Алекс спрыгнул вниз и принялся надевать ботинки.
— Ну-ка, Вилли, пойдем пройдемся. Пошли-пошли, есть разговор.
Они уединились возле угольной кучи на задворках лагерной бани. За лето здесь наросли высокие, почти в рост человека кусты донника, скрываясь в зарослях которых Очкарик любил проводить время с книжкой.
— А теперь выслушай меня, Вилли, и постарайся все хорошенько запомнить. Со дня на день тебя должны забрать отсюда и передать англичанам.
— П-почему меня?
— Потому, что такие, как ты, не подлежат выдаче. Ты ведь некомбатант, а всего лишь младший почтовый служащий. Таким нечего делать в плену.
— Но я здесь не один такой…
— Значит, заберут всех вас.
— А ты? — спросил пораженный Гроппнер.
— Обо мне не беспокойся. Я выкручусь.
— Каким образом? У т-тебя ничего не получится, ты просто меня обманываешь.
— Я говорю правду. Ты только твердо усвой одно: если при этом шведы начнут разыскивать Генриха фон Плауена и спросят тебя, ты, во-первых, не знаешь, где я, во-вторых, не знаешь, кто я, а в-третьих, вообще никогда не слыхал такого имени. Понял?… Можешь снова называть меня Алексом. Да ты понял или нет?
Совершенно подавленный Очкарик только согласно кивал, ни о чем не спрашивая.
Еще накануне Шеллен сбрил бородку и попросил одного из местных «парикмахеров» остричь себя покороче. В своей шведской штормовке, мешковатых парусиновых штанах и темно-синей вязаной шапке с помпоном он мало походил на того лейтенанта, которого около двух недель назад граф Адельсвард привез к умирающей графине Луизе.

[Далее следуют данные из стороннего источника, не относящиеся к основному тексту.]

(* Under the setting of the context, if (TS1) holds then the solution $u$ of problem (P) satisfies $u(x,t)\ge0$ for all $(x,t)\in\Omega$.
   Context: A time scale $\mathbb{T}$ is a nonempty closed subset of $\mathbb{R}$; here $\min\mathbb{T}=0$ and $\sup\mathbb{T}=+\infty$. $\sigma(t)=\inf\{s\in\mathbb{T}:s>t\}$ is the forward jump and $\mu_t(t)=\sigma(t)-t$ the graininess; $u^{\Delta_t}$ denotes the (Hilger) delta derivative in $t$. Fix $A>0$, $k>0$, $\mu_x>0$, $\Omega=\mu_x\mathbb{Z}\times\mathbb{T}$. Problem (P): $u^{\Delta_t}(x,t)+k\frac{u(x,t)-u(x-\mu_x,t)}{\mu_x}=0$ for $(x,t)\in\Omega$, $u(0,0)=A$, $u(x,0)=0$ for $x\ne0$. A solution is $u:\Omega\to\mathbb{R}$ with each $u(x,\cdot)$ delta differentiable on $\mathbb{T}$, satisfying (P), and bounded on $\mu_x\mathbb{Z}\times(\mathbb{T}\cap[0,T_0])$ for every $T_0>0$. Condition (TS1): $1-\frac{k\mu_t(t)}{\mu_x}>0$ for all $t\in\mathbb{T}$. *)

theory Defs
  imports Complex_Main
begin

definition time_scale0 :: "real set \<Rightarrow> bool" where
  "time_scale0 TS \<longleftrightarrow> closed TS \<and> 0 \<in> TS \<and> (\<forall>t\<in>TS. 0 \<le> t) \<and> \<not> bdd_above TS"

definition sigma :: "real set \<Rightarrow> real \<Rightarrow> real" where
  "sigma TS t = Inf {s \<in> TS. s > t}"

definition graininess :: "real set \<Rightarrow> real \<Rightarrow> real" where
  "graininess TS t = sigma TS t - t"

definition has_delta_derivative :: "real set \<Rightarrow> (real \<Rightarrow> real) \<Rightarrow> real \<Rightarrow> real \<Rightarrow> bool" where
  "has_delta_derivative TS f D t \<longleftrightarrow>
     (\<forall>\<epsilon>>0. \<exists>\<delta>>0. \<forall>s\<in>TS. \<bar>s - t\<bar> < \<delta> \<longrightarrow>
        \<bar>f (sigma TS t) - f s - D * (sigma TS t - s)\<bar> \<le> \<epsilon> * \<bar>sigma TS t - s\<bar>)"

definition grid :: "real \<Rightarrow> real set" where
  "grid h = {h * of_int n | n. True}"

definition is_solution_P ::
  "real set \<Rightarrow> real \<Rightarrow> real \<Rightarrow> real \<Rightarrow> (real \<Rightarrow> real \<Rightarrow> real) \<Rightarrow> bool" where
  "is_solution_P TS A k mux u \<longleftrightarrow>
     (\<forall>x\<in>grid mux. \<forall>t\<in>TS. \<exists>D. has_delta_derivative TS (u x) D t \<and>
         D + k * (u x t - u (x - mux) t) / mux = 0)
   \<and> u 0 0 = A
   \<and> (\<forall>x\<in>grid mux. x \<noteq> 0 \<longrightarrow> u x 0 = 0)
   \<and> (\<forall>T0>0. \<exists>B. \<forall>x\<in>grid mux. \<forall>t\<in>TS. t \<le> T0 \<longrightarrow> \<bar>u x t\<bar> \<le> B)"

end

theory Submission
  imports Defs "HOL-Analysis.Elementary_Metric_Spaces"
begin

(* Write a = k/mux, so that on every grid line the equation reads f^Delta = -a (f - g)
   with f = u(x,.) and g = u(x - mux,.).  At right-scattered times this means
   f(sigma t) = (1 - a mu(t)) f(t) + a mu(t) g(t), a convex combination by (TS1); at
   right-dense times it is an ordinary one-sided derivative.  Since the grid is
   infinite, a minimum principle cannot be applied directly.  Instead lower bounds
   contract: if -u <= K e^(2at) on all grid lines up to time T, then
   -u <= (3/4) K e^(2at) there, which follows from the induction principle on time
   scales applied to u(x,.) + (3/4) K e^(2a.).  Starting from the a priori bound of the
   solution and iterating gives -u <= (3/4)^n K e^(2at) for all n, hence u >= 0. *)

lemma sigma_le:
  assumes "s \<in> TS" "t < s"
  shows "sigma TS t \<le> s"
  using assms unfolding sigma_def by (intro cInf_lower bdd_belowI[of _ t]) auto

lemma sigma_ge:
  assumes "s \<in> TS" "t < s"
  shows "t \<le> sigma TS t"
  unfolding sigma_def by (rule cInf_greatest) (use assms in auto)

lemma sigma_eqI:
  assumes "t \<in> TS" "r < t" "\<forall>s\<in>TS. r < s \<longrightarrow> t \<le> s"
  shows "sigma TS r = t"
  using assms unfolding sigma_def by (intro antisym cInf_lower cInf_greatest) auto

lemma time_scale0_sigma_ge:
  assumes "time_scale0 TS"
  shows "t \<le> sigma TS t"
proof -
  have "\<not> bdd_above TS" using assms by (simp add: time_scale0_def)
  then obtain s where "s \<in> TS" "t < s" by (meson bdd_above_def not_le)
  then show ?thesis by (rule sigma_ge)
qed

lemma left_scattered_predecessor:
  assumes closed: "closed TS" and "a \<in> TS" "a < t" "t \<in> TS"
    and not_left_dense: "\<not> (\<forall>d>0. \<exists>s\<in>TS. t - d < s \<and> s < t)"
  shows "\<exists>r\<in>TS. a \<le> r \<and> r < t \<and> sigma TS r = t"
proof -
  obtain d where "d > 0" and gap: "\<not> (\<exists>s\<in>TS. t - d < s \<and> s < t)"
    using not_left_dense by blast
  have d: "d > 0" "\<forall>s\<in>TS. s < t \<longrightarrow> s \<le> t - d"
    using \<open>d > 0\<close> gap by (auto simp: not_less[symmetric])
  define L where "L = {s \<in> TS. a \<le> s \<and> s < t}"
  have L: "L \<noteq> {}" "bdd_above L" "L \<subseteq> TS"
    using assms(2-4) by (auto simp: L_def intro: bdd_aboveI[of _ t])
  define r where "r = Sup L"
  have "r \<in> TS" unfolding r_def by (rule closed_subset_contains_Sup[OF closed L(3,1,2)])
  moreover have "a \<le> r" unfolding r_def using assms L by (intro cSup_upper) (auto simp: L_def)
  moreover have "r \<le> t - d" unfolding r_def using L d by (intro cSup_least) (auto simp: L_def)
  moreover have "t \<le> s" if "s \<in> TS" "r < s" for s
  proof (rule ccontr)
    assume "\<not> t \<le> s"
    then have "s \<in> L" using that \<open>a \<le> r\<close> by (auto simp: L_def)
    then have "s \<le> r" unfolding r_def using L(2) by (rule cSup_upper)
    with that(2) show False by simp
  qed
  ultimately show ?thesis using d(1) \<open>t \<in> TS\<close> by (intro bexI[of _ r]) (auto intro: sigma_eqI)
qed

lemma delta_derivative_sigma:
  assumes der: "has_delta_derivative TS f D t" and "t \<in> TS" and mu: "t \<le> sigma TS t"
  shows "f (sigma TS t) = f t + (sigma TS t - t) * D"
proof -
  define m where "m = sigma TS t - t"
  have small: "\<bar>f (sigma TS t) - f t - D * m\<bar> \<le> e * m" if "e > 0" for e
  proof -
    obtain d where "d > 0" "\<forall>s\<in>TS. \<bar>s - t\<bar> < d \<longrightarrow>
        \<bar>f (sigma TS t) - f s - D * (sigma TS t - s)\<bar> \<le> e * \<bar>sigma TS t - s\<bar>"
      using der \<open>e > 0\<close> unfolding has_delta_derivative_def by blast
    then have "\<bar>f (sigma TS t) - f t - D * m\<bar> \<le> e * \<bar>m\<bar>"
      using \<open>t \<in> TS\<close> by (simp add: m_def)
    then show ?thesis using mu by (simp add: m_def)
  qed
  have "\<bar>f (sigma TS t) - f t - D * m\<bar> \<le> 0"
  proof (rule field_le_epsilon)
    fix e :: real assume "e > 0"
    have "m \<ge> 0" using mu by (simp add: m_def)
    then have "e / (m + 1) * m \<le> e" using \<open>e > 0\<close> by (simp add: field_simps)
    then show "\<bar>f (sigma TS t) - f t - D * m\<bar> \<le> 0 + e"
      using small[of "e / (m + 1)"] \<open>e > 0\<close> \<open>m \<ge> 0\<close> by simp
  qed
  then show ?thesis by (simp add: m_def algebra_simps)
qed

lemma delta_derivative_continuous:
  assumes der: "has_delta_derivative TS f D t" and "t \<in> TS" and mu: "t \<le> sigma TS t"
  shows "(f \<longlongrightarrow> f t) (at t within TS)"
  unfolding tendsto_iff eventually_at
proof (intro allI impI)
  fix e :: real assume e: "e > 0"
  define m where "m = sigma TS t - t"
  have m: "m \<ge> 0" using mu by (simp add: m_def)
  define ep where "ep = e / (2 * (m + 1))"
  have ep: "ep > 0" using e m by (simp add: ep_def)
  obtain d where d: "d > 0" "\<forall>s\<in>TS. \<bar>s - t\<bar> < d \<longrightarrow>
      \<bar>f (sigma TS t) - f s - D * (sigma TS t - s)\<bar> \<le> ep * \<bar>sigma TS t - s\<bar>"
    using der ep unfolding has_delta_derivative_def by blast
  define d' where "d' = min d (min 1 (e / (2 * (\<bar>D\<bar> + 1))))"
  have "d' > 0" using d e by (simp add: d'_def)
  moreover have "dist (f s) (f t) < e" if s: "s \<in> TS" "dist s t < d'" for s
  proof -
    have st: "\<bar>s - t\<bar> < 1" "\<bar>s - t\<bar> < d" "\<bar>s - t\<bar> < e / (2 * (\<bar>D\<bar> + 1))"
      using s by (auto simp: d'_def dist_real_def)
    have split: "f s - f t = D * (s - t) - (f (sigma TS t) - f s - D * (sigma TS t - s))"
      using delta_derivative_sigma[OF assms] by (simp add: algebra_simps)
    have "\<bar>sigma TS t - s\<bar> \<le> m + 1" using st(1) m by (simp add: m_def abs_le_iff abs_less_iff)
    then have "ep * \<bar>sigma TS t - s\<bar> \<le> ep * (m + 1)" using ep by (intro mult_left_mono) auto
    also have "\<dots> = e / 2" using m by (simp add: ep_def field_simps)
    finally have "ep * \<bar>sigma TS t - s\<bar> \<le> e / 2" .
    moreover have "\<bar>f (sigma TS t) - f s - D * (sigma TS t - s)\<bar> \<le> ep * \<bar>sigma TS t - s\<bar>"
      using d(2) s(1) st(2) by blast
    ultimately have remainder: "\<bar>f (sigma TS t) - f s - D * (sigma TS t - s)\<bar> \<le> e / 2"
      by linarith
    have "\<bar>D * (s - t)\<bar> \<le> \<bar>D\<bar> * (e / (2 * (\<bar>D\<bar> + 1)))"
      unfolding abs_mult using st(3) by (intro mult_left_mono) auto
    also have "\<dots> < e / 2" using e by (simp add: field_simps)
    finally have linear: "\<bar>D * (s - t)\<bar> < e / 2" .
    have "\<bar>f s - f t\<bar> \<le> \<bar>D * (s - t)\<bar> + \<bar>f (sigma TS t) - f s - D * (sigma TS t - s)\<bar>"
      unfolding split by (rule abs_triangle_ineq4)
    then show ?thesis using linear remainder by (simp add: dist_real_def)
  qed
  ultimately show "\<exists>d>0. \<forall>s\<in>TS. s \<noteq> t \<and> dist s t < d \<longrightarrow> dist (f s) (f t) < e" by blast
qed

lemma delta_derivative_right_dense:
  assumes der: "has_delta_derivative TS f D t" and dense: "sigma TS t = t" and "e > 0"
  shows "\<exists>d>0. \<forall>s\<in>TS. t < s \<and> s < t + d \<longrightarrow> f s \<ge> f t + (D - e) * (s - t)"
proof -
  obtain d where d: "d > 0" "\<forall>s\<in>TS. \<bar>s - t\<bar> < d \<longrightarrow> \<bar>f t - f s - D * (t - s)\<bar> \<le> e * \<bar>t - s\<bar>"
    using der \<open>e > 0\<close> unfolding has_delta_derivative_def dense by blast
  have "f s \<ge> f t + (D - e) * (s - t)" if "s \<in> TS" "t < s" "s < t + d" for s
    using d(2) that by (auto simp: abs_le_iff algebra_simps)
  with d(1) show ?thesis by blast
qed

section \<open>The induction principle on time scales\<close>

theorem time_scale_induction:
  fixes TS :: "real set" and P :: "real \<Rightarrow> bool"
  assumes closed: "closed TS" and a: "a \<in> TS" "P a"
    and right_scattered: "\<And>t. t \<in> TS \<Longrightarrow> a \<le> t \<Longrightarrow> t < sigma TS t \<Longrightarrow> sigma TS t \<le> T \<Longrightarrow>
        P t \<Longrightarrow> P (sigma TS t)"
    and right_dense: "\<And>t. t \<in> TS \<Longrightarrow> a \<le> t \<Longrightarrow> t < T \<Longrightarrow> sigma TS t = t \<Longrightarrow> P t \<Longrightarrow>
        \<exists>d>0. \<forall>s\<in>TS. t < s \<and> s < t + d \<longrightarrow> P s"
    and left_dense: "\<And>t. t \<in> TS \<Longrightarrow> a < t \<Longrightarrow> t \<le> T \<Longrightarrow> \<forall>d>0. \<exists>s\<in>TS. t - d < s \<and> s < t \<Longrightarrow>
        \<forall>s\<in>TS. a \<le> s \<and> s < t \<longrightarrow> P s \<Longrightarrow> P t"
  shows "\<forall>t\<in>TS. a \<le> t \<and> t \<le> T \<longrightarrow> P t"
proof (rule ccontr)
  text \<open>Consider the first failure t0, the infimum of all failures.\<close>
  define Bad where "Bad = {t \<in> TS. a \<le> t \<and> t \<le> T \<and> \<not> P t}"
  assume "\<not> ?thesis"
  then obtain b0 where b0: "b0 \<in> Bad" by (auto simp: Bad_def)
  have bdd: "bdd_below Bad" by (auto simp: Bad_def bdd_below_def)
  define t0 where "t0 = Inf Bad"
  have t0: "t0 \<in> TS" unfolding t0_def
    using closed_subset_contains_Inf[OF closed _ _ bdd] b0 by (auto simp: Bad_def)
  have first: "t0 \<le> b" if "b \<in> Bad" for b unfolding t0_def using that bdd by (rule cInf_lower)
  have "a \<le> t0" unfolding t0_def using b0 by (intro cInf_greatest) (auto simp: Bad_def)
  have "t0 \<le> T" using first[OF b0] b0 by (auto simp: Bad_def)
  have below: "P s" if "s \<in> TS" "a \<le> s" "s < t0" for s
  proof (rule ccontr)
    assume "\<not> P s"
    then have "s \<in> Bad" using that \<open>t0 \<le> T\<close> by (auto simp: Bad_def)
    with first that(3) show False by fastforce
  qed
  show False
  proof (cases "P t0")
    case False
    text \<open>The first failure is not a: it is reached either from the left or by a jump.\<close>
    have "a < t0" using \<open>a \<le> t0\<close> a(2) False by (cases "a = t0") auto
    show False
    proof (cases "\<forall>d>0. \<exists>s\<in>TS. t0 - d < s \<and> s < t0")
      case True
      then show False using left_dense[OF t0 \<open>a < t0\<close> \<open>t0 \<le> T\<close>] below False by blast
    next
      case not_left_dense: False
      obtain r where r: "r \<in> TS" "a \<le> r" "r < t0" "sigma TS r = t0"
        using left_scattered_predecessor[OF closed a(1) \<open>a < t0\<close> t0 not_left_dense] by blast
      then show False using right_scattered[of r] below[of r] \<open>t0 \<le> T\<close> False by simp
    qed
  next
    case True
    text \<open>The first failure holds itself, so failures accumulate at t0 from the right.\<close>
    have after: "t0 < b" if "b \<in> Bad" for b
      using first[OF that] that True by (cases "b = t0") (auto simp: Bad_def)
    have "t0 < T" using after[OF b0] b0 by (auto simp: Bad_def)
    have "sigma TS t0 \<le> b" if "b \<in> Bad" for b
      using sigma_le after[OF that] that by (auto simp: Bad_def)
    then have "sigma TS t0 \<le> t0" unfolding t0_def using b0 by (intro cInf_greatest) auto
    then have "sigma TS t0 = t0" using sigma_ge[of b0 TS t0] after[OF b0] b0 by (auto simp: Bad_def)
    then obtain d where d: "d > 0" "\<forall>s\<in>TS. t0 < s \<and> s < t0 + d \<longrightarrow> P s"
      using right_dense[OF t0 \<open>a \<le> t0\<close> \<open>t0 < T\<close>] True by blast
    obtain b where "b \<in> Bad" "b < t0 + d"
      using cInf_lessD[of Bad "t0 + d"] b0 d(1) by (auto simp: t0_def)
    then show False using d(2) after by (auto simp: Bad_def)
  qed
qed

С минуту Алекс смотрел на Очкарика, о чем-то раздумывая.
— Слушай, Вилли, ты помнишь, как я уехал из Германии в тридцать четвертом?… Помнишь. А когда я, по-твоему, вернулся?… Не знаешь. А вернулся я в феврале этого года. А знаешь на чем?… На английском бомбардировщике. А знаешь почему?… Потому что я британский летчик, флаинг-офицер Алекс Шеллен. Эй! Ты хоть понял, что я сказал?
Гроппнер, которому полчаса назад сообщили, что уже сегодня его отправят к русским, а значит, непременно в страшную Сибирь, от которой он с такими муками бежал и которой боялся больше всего на свете, молчал и тупо смотрел на Шеллена. Что он говорит? Как можно шутить в такое время?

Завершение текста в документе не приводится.